Action item:
Reproduce only the top of the records, down to and including the line containing "n U \<longleftrightarrow>".

Data:
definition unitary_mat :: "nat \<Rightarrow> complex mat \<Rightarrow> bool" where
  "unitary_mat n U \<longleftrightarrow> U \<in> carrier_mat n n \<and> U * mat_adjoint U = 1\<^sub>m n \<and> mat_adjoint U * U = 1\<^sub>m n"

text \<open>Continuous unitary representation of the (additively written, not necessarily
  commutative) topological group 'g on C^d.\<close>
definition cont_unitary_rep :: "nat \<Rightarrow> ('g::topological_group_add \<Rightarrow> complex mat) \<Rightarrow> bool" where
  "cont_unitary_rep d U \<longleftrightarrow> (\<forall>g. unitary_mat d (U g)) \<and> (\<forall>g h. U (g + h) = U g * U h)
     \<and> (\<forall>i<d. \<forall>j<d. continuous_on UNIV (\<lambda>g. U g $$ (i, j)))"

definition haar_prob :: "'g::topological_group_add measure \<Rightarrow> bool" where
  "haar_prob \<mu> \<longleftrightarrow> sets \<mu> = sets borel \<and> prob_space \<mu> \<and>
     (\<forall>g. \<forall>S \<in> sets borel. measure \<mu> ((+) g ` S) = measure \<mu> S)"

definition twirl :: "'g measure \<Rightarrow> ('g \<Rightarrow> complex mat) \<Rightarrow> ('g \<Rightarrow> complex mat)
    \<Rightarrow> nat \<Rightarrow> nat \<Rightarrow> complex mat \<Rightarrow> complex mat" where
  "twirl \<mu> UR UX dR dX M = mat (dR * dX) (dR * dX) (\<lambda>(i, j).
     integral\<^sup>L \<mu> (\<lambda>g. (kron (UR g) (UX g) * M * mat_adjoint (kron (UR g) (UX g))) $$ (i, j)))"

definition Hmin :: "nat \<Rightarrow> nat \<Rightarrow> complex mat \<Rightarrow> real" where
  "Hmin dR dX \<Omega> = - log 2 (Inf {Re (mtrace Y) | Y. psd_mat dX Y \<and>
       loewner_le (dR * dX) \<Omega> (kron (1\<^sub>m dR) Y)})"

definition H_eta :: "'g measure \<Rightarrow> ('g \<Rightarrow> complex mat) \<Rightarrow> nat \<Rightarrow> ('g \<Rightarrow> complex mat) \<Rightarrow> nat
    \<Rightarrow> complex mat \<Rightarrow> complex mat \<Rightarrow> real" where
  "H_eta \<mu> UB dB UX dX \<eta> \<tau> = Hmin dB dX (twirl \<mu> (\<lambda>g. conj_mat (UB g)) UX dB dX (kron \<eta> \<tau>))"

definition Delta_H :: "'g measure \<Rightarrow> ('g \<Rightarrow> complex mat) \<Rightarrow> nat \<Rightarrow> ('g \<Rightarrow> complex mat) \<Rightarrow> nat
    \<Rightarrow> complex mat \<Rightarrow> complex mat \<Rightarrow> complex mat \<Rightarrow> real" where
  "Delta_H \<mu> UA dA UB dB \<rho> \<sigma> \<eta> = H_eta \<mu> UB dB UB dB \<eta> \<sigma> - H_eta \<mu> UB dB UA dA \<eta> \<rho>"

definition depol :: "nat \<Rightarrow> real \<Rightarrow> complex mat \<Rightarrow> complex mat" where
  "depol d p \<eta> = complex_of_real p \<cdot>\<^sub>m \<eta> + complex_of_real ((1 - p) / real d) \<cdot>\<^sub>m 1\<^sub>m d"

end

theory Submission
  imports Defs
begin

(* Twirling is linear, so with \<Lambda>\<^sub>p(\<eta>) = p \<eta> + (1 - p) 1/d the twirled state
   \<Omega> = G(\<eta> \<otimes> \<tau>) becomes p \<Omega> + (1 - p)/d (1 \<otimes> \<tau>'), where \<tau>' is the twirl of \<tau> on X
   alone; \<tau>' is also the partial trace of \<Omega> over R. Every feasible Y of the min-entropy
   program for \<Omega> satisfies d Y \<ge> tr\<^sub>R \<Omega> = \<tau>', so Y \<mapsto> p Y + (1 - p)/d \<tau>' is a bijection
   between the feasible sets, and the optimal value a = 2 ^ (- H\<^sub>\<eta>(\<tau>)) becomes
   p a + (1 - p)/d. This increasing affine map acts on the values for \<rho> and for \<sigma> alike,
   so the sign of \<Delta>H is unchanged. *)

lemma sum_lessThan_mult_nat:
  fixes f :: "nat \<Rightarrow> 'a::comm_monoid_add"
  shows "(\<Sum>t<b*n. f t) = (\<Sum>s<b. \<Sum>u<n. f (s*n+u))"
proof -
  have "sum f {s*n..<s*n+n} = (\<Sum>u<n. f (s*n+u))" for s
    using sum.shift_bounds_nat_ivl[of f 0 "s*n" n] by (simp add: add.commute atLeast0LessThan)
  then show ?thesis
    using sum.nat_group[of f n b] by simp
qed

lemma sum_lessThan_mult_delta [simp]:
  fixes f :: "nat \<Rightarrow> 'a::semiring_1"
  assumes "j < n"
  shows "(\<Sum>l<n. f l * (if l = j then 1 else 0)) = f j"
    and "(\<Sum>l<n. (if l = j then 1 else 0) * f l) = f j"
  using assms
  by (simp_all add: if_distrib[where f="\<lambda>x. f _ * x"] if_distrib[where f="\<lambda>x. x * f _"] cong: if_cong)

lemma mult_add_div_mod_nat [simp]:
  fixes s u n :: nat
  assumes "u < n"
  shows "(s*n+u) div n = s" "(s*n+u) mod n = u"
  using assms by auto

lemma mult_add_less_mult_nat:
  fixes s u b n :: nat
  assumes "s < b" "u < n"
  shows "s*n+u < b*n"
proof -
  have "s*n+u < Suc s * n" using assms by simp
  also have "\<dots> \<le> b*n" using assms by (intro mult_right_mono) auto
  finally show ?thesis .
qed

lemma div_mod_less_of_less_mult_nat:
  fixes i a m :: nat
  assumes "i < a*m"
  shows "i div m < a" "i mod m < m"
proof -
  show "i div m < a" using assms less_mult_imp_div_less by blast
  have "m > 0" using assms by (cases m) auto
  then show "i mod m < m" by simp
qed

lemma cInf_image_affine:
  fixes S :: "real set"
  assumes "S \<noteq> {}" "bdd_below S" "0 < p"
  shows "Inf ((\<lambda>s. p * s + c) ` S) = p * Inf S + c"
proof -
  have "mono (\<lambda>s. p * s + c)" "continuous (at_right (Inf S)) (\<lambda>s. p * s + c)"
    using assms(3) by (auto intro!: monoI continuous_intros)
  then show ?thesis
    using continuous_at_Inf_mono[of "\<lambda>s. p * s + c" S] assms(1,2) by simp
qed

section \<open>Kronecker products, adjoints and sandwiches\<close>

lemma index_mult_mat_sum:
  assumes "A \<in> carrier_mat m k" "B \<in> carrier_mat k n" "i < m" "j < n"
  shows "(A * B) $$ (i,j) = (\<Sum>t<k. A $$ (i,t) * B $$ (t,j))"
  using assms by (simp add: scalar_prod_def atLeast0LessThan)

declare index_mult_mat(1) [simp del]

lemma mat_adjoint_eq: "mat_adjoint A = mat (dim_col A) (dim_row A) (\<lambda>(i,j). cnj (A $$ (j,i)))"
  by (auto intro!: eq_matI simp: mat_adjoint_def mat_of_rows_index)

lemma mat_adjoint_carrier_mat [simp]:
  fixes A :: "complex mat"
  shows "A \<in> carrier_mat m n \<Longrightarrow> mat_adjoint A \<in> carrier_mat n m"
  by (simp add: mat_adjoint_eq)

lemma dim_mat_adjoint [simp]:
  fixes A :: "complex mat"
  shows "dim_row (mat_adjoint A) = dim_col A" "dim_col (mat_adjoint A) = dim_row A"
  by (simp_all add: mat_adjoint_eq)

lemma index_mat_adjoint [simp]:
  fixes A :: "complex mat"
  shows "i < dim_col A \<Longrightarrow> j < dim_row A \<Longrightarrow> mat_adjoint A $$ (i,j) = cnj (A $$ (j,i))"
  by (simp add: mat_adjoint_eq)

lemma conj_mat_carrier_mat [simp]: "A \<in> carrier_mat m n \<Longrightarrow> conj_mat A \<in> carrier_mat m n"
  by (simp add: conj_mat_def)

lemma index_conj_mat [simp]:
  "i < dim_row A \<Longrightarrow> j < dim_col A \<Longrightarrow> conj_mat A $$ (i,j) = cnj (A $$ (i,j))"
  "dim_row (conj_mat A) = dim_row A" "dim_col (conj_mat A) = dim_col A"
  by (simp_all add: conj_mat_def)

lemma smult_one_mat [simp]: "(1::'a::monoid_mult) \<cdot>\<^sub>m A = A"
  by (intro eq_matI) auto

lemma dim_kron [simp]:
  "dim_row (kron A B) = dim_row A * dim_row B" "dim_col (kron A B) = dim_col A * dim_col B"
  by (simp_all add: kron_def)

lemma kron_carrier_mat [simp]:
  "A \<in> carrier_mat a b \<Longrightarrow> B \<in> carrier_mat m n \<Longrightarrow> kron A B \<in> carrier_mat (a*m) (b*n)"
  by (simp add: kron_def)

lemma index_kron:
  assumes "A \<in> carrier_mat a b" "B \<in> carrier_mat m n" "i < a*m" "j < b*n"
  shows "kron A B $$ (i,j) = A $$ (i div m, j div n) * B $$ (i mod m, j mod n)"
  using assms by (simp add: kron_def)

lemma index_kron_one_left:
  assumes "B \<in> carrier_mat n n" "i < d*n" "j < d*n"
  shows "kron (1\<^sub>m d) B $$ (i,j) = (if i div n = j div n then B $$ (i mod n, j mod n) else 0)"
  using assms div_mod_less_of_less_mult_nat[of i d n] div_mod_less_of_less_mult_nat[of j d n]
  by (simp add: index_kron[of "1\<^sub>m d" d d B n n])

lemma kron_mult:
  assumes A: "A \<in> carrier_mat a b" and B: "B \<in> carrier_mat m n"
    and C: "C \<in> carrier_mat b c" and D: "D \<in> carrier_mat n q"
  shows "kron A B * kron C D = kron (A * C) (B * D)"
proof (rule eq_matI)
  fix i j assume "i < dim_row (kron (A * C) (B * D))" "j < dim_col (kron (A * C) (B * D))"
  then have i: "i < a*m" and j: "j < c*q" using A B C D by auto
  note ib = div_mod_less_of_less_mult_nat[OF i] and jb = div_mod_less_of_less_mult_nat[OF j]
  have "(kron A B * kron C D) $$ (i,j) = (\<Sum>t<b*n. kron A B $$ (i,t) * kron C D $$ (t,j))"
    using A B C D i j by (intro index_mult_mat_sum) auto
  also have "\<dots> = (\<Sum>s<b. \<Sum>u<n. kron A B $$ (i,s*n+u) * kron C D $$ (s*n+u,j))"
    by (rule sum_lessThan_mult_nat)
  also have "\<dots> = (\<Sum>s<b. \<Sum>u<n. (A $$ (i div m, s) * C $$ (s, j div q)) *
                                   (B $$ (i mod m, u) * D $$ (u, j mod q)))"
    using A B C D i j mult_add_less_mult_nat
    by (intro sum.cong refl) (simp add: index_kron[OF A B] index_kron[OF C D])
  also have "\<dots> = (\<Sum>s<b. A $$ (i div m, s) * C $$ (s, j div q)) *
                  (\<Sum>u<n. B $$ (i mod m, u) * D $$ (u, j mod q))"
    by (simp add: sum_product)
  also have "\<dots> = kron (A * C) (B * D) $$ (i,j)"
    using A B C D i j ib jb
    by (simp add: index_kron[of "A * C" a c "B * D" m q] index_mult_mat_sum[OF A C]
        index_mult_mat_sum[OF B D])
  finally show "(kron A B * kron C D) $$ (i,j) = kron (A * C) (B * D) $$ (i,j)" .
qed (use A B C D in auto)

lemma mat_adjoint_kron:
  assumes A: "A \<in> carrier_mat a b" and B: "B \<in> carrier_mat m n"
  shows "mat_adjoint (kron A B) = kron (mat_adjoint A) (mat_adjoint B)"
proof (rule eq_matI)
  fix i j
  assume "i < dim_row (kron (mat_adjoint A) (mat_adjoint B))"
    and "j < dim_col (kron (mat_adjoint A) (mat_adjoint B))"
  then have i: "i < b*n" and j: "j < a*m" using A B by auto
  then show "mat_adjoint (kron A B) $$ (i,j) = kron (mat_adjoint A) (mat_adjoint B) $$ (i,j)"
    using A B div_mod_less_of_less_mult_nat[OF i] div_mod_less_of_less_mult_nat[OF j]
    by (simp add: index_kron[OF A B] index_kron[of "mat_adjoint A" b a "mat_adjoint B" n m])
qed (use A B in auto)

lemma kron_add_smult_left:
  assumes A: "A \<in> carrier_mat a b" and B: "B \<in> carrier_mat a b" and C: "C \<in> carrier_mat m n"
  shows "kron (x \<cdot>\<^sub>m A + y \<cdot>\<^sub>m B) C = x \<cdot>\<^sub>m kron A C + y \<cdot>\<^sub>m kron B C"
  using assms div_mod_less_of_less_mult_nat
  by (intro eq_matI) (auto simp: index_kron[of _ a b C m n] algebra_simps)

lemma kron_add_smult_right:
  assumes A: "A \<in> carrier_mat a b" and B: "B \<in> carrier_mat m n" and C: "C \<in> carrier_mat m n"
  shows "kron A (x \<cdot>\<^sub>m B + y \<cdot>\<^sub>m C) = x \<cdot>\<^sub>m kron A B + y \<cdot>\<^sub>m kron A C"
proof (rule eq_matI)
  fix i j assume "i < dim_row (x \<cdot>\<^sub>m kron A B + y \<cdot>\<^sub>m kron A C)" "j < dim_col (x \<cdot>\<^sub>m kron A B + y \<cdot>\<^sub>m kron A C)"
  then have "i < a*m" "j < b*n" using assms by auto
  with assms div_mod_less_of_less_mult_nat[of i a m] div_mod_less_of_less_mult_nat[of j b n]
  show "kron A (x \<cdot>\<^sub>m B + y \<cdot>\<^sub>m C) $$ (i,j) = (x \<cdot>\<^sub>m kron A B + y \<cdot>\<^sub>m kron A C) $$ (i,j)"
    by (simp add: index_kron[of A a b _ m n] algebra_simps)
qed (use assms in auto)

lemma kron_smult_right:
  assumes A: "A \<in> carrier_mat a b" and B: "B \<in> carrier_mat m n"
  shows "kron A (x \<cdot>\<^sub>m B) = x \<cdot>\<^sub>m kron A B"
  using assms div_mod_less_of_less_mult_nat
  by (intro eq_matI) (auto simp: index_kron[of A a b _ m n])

Exercise output:
definition unitary_mat :: "nat \<Rightarrow> complex mat \<Rightarrow> bool" where
  "unitary_mat n U \<longleftrightarrow> U \<in> carrier_mat n n \<and> U * mat_adjoint U = 1\<^sub>m n \<and> mat_adjoint U * U = 1\<^sub>m n"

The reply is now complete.